BEGIN Data for review
lemma dist_twin_le:
  assumes twins: "twins V E a b" and V: "a \<in> V" "b \<in> V" "w \<in> V" and "w \<noteq> a"
  shows "dist V E b w \<le> dist V E a w"
proof -
  obtain p where p: "walk V E p" "hd p = a" "last p = w" "length p = Suc (dist V E a w)"
    using shortest_walk V by metis
  then obtain x q where "p = a # x # q"
    using \<open>w \<noteq> a\<close> by (cases p; cases "tl p") auto
  with p have ax: "E a x" and walk: "walk V E (x # q)"
    and last: "last (x # q) = w" and len: "length (x # q) = dist V E a w"
    by (auto simp: walk_Cons_Cons)
  show ?thesis
  proof (cases "x = b")
    case True
    then show ?thesis
      using dist_le_walk[OF walk, of b w "length q"] last len by simp
  next
    case False
    then have "E b x"
      using twins ax adj_in_V(2)[OF ax] unfolding twins_iff by (metis DiffI adj_irrefl insertE singletonD)
    then have "walk V E (b # x # q)"
      using walk V by (simp add: walk_Cons_Cons)
    then show ?thesis
      using dist_le_walk[of V E "b # x # q" b w "dist V E a w"] last len by simp
  qed
qed

lemma dist_twins:
  assumes "twins V E a b" "a \<in> V" "b \<in> V" "w \<in> V" "w \<noteq> a" "w \<noteq> b"
  shows "dist V E a w = dist V E b w"
proof -
  have "twins V E b a"
    using assms(1) by (simp add: twins_def)
  then show ?thesis
    using dist_twin_le assms by (metis le_antisym)
qed

lemma cut_edge:
  assumes "S \<subseteq> V" "u \<in> S" "v \<in> V - S"
  shows "\<exists>a\<in>S. \<exists>b\<in>V - S. E a b"
proof -
  obtain p where "walk V E p" "hd p = u" "last p = v"
    using connected assms unfolding connected_graph_def by blast
  then obtain a b where "a \<in> S" "b \<notin> S" "E a b"
    using walk_leaves_set[of V E p S] assms by auto
  then show ?thesis
    using adj_in_V(2) by blast
qed

lemma has_neighbour:
  assumes "u \<in> V" "2 \<le> card V"
  obtains w where "E u w"
proof -
  obtain v where "v \<in> V" "v \<notin> set [u]"
    using ex_not_in_list[of "[u]" V] assms(2) by auto
  then show thesis
    using cut_edge[of "{u}" u v] assms(1) that by auto
qed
END Data for review
Task :: Set down each record again, exactly as written.

Written answer ::
lemma dist_twin_le:
  assumes twins: "twins V E a b" and V: "a \<in> V" "b \<in> V" "w \<in> V" and "w \<noteq> a"
  shows "dist V E b w \<le> dist V E a w"
proof -
  obtain p where p: "walk V E p" "hd p = a" "last p = w" "length p = Suc (dist V E a w)"
    using shortest_walk V by metis
  then obtain x q where "p = a # x # q"
    using \<open>w \<noteq> a\<close> by (cases p; cases "tl p") auto
  with p have ax: "E a x" and walk: "walk V E (x # q)"
    and last: "last (x # q) = w" and len: "length (x # q) = dist V E a w"
    by (auto simp: walk_Cons_Cons)
  show ?thesis
  proof (cases "x = b")
    case True
    then show ?thesis
      using dist_le_walk[OF walk, of b w "length q"] last len by simp
  next
    case False
    then have "E b x"
      using twins ax adj_in_V(2)[OF ax] unfolding twins_iff by (metis DiffI adj_irrefl insertE singletonD)
    then have "walk V E (b # x # q)"
      using walk V by (simp add: walk_Cons_Cons)
    then show ?thesis
      using dist_le_walk[of V E "b # x # q" b w "dist V E a w"] last len by simp
  qed
qed

lemma dist_twins:
  assumes "twins V E a b" "a \<in> V" "b \<in> V" "w \<in> V" "w \<noteq> a" "w \<noteq> b"
  shows "dist V E a w = dist V E b w"
proof -
  have "twins V E b a"
    using assms(1) by (simp add: twins_def)
  then show ?thesis
    using dist_twin_le assms by (metis le_antisym)
qed

lemma cut_edge:
  assumes "S \<subseteq> V" "u \<in> S" "v \<in> V - S"
  shows "\<exists>a\<in>S. \<exists>b\<in>V - S. E a b"
proof -
  obtain p where "walk V E p" "hd p = u" "last p = v"
    using connected assms unfolding connected_graph_def by blast
  then obtain a b where "a \<in> S" "b \<notin> S" "E a b"
    using walk_leaves_set[of V E p S] assms by auto
  then show ?thesis
    using adj_in_V(2) by blast
qed

lemma has_neighbour:
  assumes "u \<in> V" "2 \<le> card V"
  obtains w where "E u w"
proof -
  obtain v where "v \<in> V" "v \<notin> set [u]"
    using ex_not_in_list[of "[u]" V] assms(2) by auto
  then show thesis
    using cut_edge[of "{u}" u v] assms(1) that by auto
qed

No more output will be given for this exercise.